As integrative practitioners have been saying, a holistic approach to pain is the answer to the opioid crisis, especially for low-income and at-risk patients. A new study give these ideas merit. A program offering group support, acupuncture, mindfulness, massage and gentle exercise may help prevent patients on prescription opioids from spiraling down to drug misuse, overdose and death, according to a study led by researchers at UCSF.

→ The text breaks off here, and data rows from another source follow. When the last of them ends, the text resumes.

(* Let $K\in\mathbb{K}$, $\Psi_i=R_i+B_i^T\mathcal{E}_i(P^K)B_i$, and $K'=K-2\eta\Psi^{-1}L^K$ (i.e. $K_i'=K_i-2\eta\Psi_i^{-1}L_i^K$) with $0<\eta\le\frac12$. Then $$C(K')-C(K^* )\le\Big(1-\frac{2\mu}{\|\mathbf{X}^{K^*}\|_{\max}}\eta\Big)\big(C(K)-C(K^* )\big).$$
   Context: Let $N_s\ge 1$, $\Omega=\{1,\dots,N_s\}$; tuples $V=(V_1,\dots,V_{N_s})$ of matrices are combined componentwise, $\|V\|_{\max}=\max_i\|V_i\|$ (spectral norm). Markovian jump linear system: $x_{t+1}=A_{\omega(t)}x_t+B_{\omega(t)}u_t$, $A_i\in\mathbb{R}^{d\times d}$, $B_i\in\mathbb{R}^{d\times k}$; $\{\omega(t)\}$ is a time-homogeneous Markov chain on $\Omega$ with transition probabilities $p_{ij}$ and initial distribution $\pi$ with $\pi_i>0$; $x_0$ is random, independent of the chain, with $\mathbb{E}[x_0x_0^T]\succ0$. The system is mean-square stabilizable. $Q=(Q_i)\succ0$, $R=(R_i)\succ0$. For $K=(K_i)$, $K_i\in\mathbb{R}^{k\times d}$, $u_t=-K_{\omega(t)}x_t$ and $C(K)=\mathbb{E}[\sum_{t\ge0}x_t^TQ_{\omega(t)}x_t+u_t^TR_{\omega(t)}u_t]$. $\mathbb{K}$ is the set of $K$ making the closed loop $x_{t+1}=\Gamma_{\omega(t)}x_t$, $\Gamma_i=A_i-B_iK_i$, mean-square stable (equivalently $C(K)<\infty$). $K^*$ is the optimal gain minimizing $C$ over $\mathbb{K}$. $\mathcal{E}_i(V)=\sum_jp_{ij}V_j$; $\mathcal{T}_j(V)=\sum_ip_{ij}\Gamma_iV_i\Gamma_i^T$. For $K\in\mathbb{K}$: $P^K$ solves $P_i^K=Q_i+K_i^TR_iK_i+\Gamma_i^T\mathcal{E}_i(P^K)\Gamma_i$; $L_i^K=(R_i+B_i^T\mathcal{E}_i(P^K)B_i)K_i-B_i^T\mathcal{E}_i(P^K)A_i$; $X_i(0)=\mathbb{E}[x_0x_0^T\mathbf{1}\{\omega(0)=i\}]$, $\mathbf{X}^K=\sum_{t\ge0}\mathcal{T}^t(X(0))$. $\mu=\min_i\pi_i\,\sigma_{\min}(\mathbb{E}[x_0x_0^T])$. *)

theory Defs
  imports "HOL-Analysis.Analysis" "HOL-Probability.Probability"
begin

(* Modes: a finite type 's (Omega = {1..N_s}, N_s >= 1). State dim 'd, input dim 'k.
   Tuples V = (V_i) are functions 's => matrix. *)

definition posdef :: "real^'n^'n \<Rightarrow> bool" where
  "posdef S \<longleftrightarrow> transpose S = S \<and> (\<forall>v. v \<noteq> 0 \<longrightarrow> v \<bullet> (S *v v) > 0)"

definition specnorm :: "real^'n^'m \<Rightarrow> real" where
  "specnorm S = onorm (\<lambda>v. S *v v)"

definition sigma_min :: "real^'n^'m \<Rightarrow> real" where
  "sigma_min S = Inf {norm (S *v v) | v. norm v = 1}"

The study, published Feb. 20, 2019, in the Journal of General Internal Medicine, tracked the impact of a program for low-income, at-risk patients with chronic pain at Tom Waddell Urban Health Clinic, in San Francisco’s Tenderloin neighborhood, a public health facility where UCSF medical students are trained and mentored.
“Opioids are often prescribed to patients with moderate-to-severe pain from chronic health conditions, or for pain following injury or surgery,” said first author Maria T. Chao, DrPH, MPA, of the UCSF Osher Center for Integrative Medicine. “Because of the potential dangers of opioid use, we wanted to see if a multimodal, non-pharmacological program could decrease pain levels and stabilize prescription opioid use in vulnerable patients with high rates of pain and barriers to care.”
The study compared 41 participants who had been on prescription drugs such as hydrocodone, oxycodone and methadone for at least three months with 20 other would-be participants who expressed interest in the program. The researchers found a 12 percent drop in pain intensity in the study participants, compared with no change in pain among the comparison group.
The Integrative Pain Management Program (IPMP) consists of a core 12-week program centered around a weekly “home group” that provides education on the biopsychosocial model of pain and multimodal treatments, physical movement, mindfulness training, and peer support.
Boosting Pain Self-Efficacy
The most notable improvement was a 22 percent boost in “pain self-efficacy,” a patient’s ability to manage and function in their daily life despite their pain, said Chao, who also works at Zuckerberg San Francisco General Hospital and Trauma Center. This compares with a decline among the control group.
After completion of the three-month program, patients continued to have access to weekly groups offering the same services. Opioid prescription use remained consistent during the program and dipped slightly three months later.
“We’re not claiming the program is a panacea to the opioid crisis,” said Chao. “We’re trying to broaden treatment options for safe pain management. Doctors, especially in primary care, are under tremendous pressure to taper opioids, but they have a limited toolbox of options to alleviate their patients’ pain.”
“The framework for treatment of chronic pain is a biopsychosocial model,” said senior author Barbara Wismer, MD, MPH, previously of the San Francisco Department of Public Health and the UCSF Department of Family and Community Medicine “This posits there are physical factors that lead to chronic pain, such as tissue injury, but the patient’s psychosocial state, such as thoughts, emotions and behavior contribute greatly.”
Characteristics of the 41 participants included disability (76 percent), unstable, transitional or room-rental accommodation (46 percent) and post-traumatic stress disorder (37 percent). All 41 had an annual income of less than $35,000 and many reported risks of “problematic substance use” that caused health, financial, legal or social problems.
“Treatments such as acupuncture and massage are not always available to those of lesser means,” said Chao. “We found that patients with complex lives and limited income can really benefit from this integrative approach. We are very committed to broadening these types of treatment options for all.”
National drug overdose deaths involving prescription opioids rose from 3,442 in 1999 to 17,029 in 2017, according to the Centers for Disease Control and Prevention. This compares to 15,482 overdose deaths in 2017 involving heroin.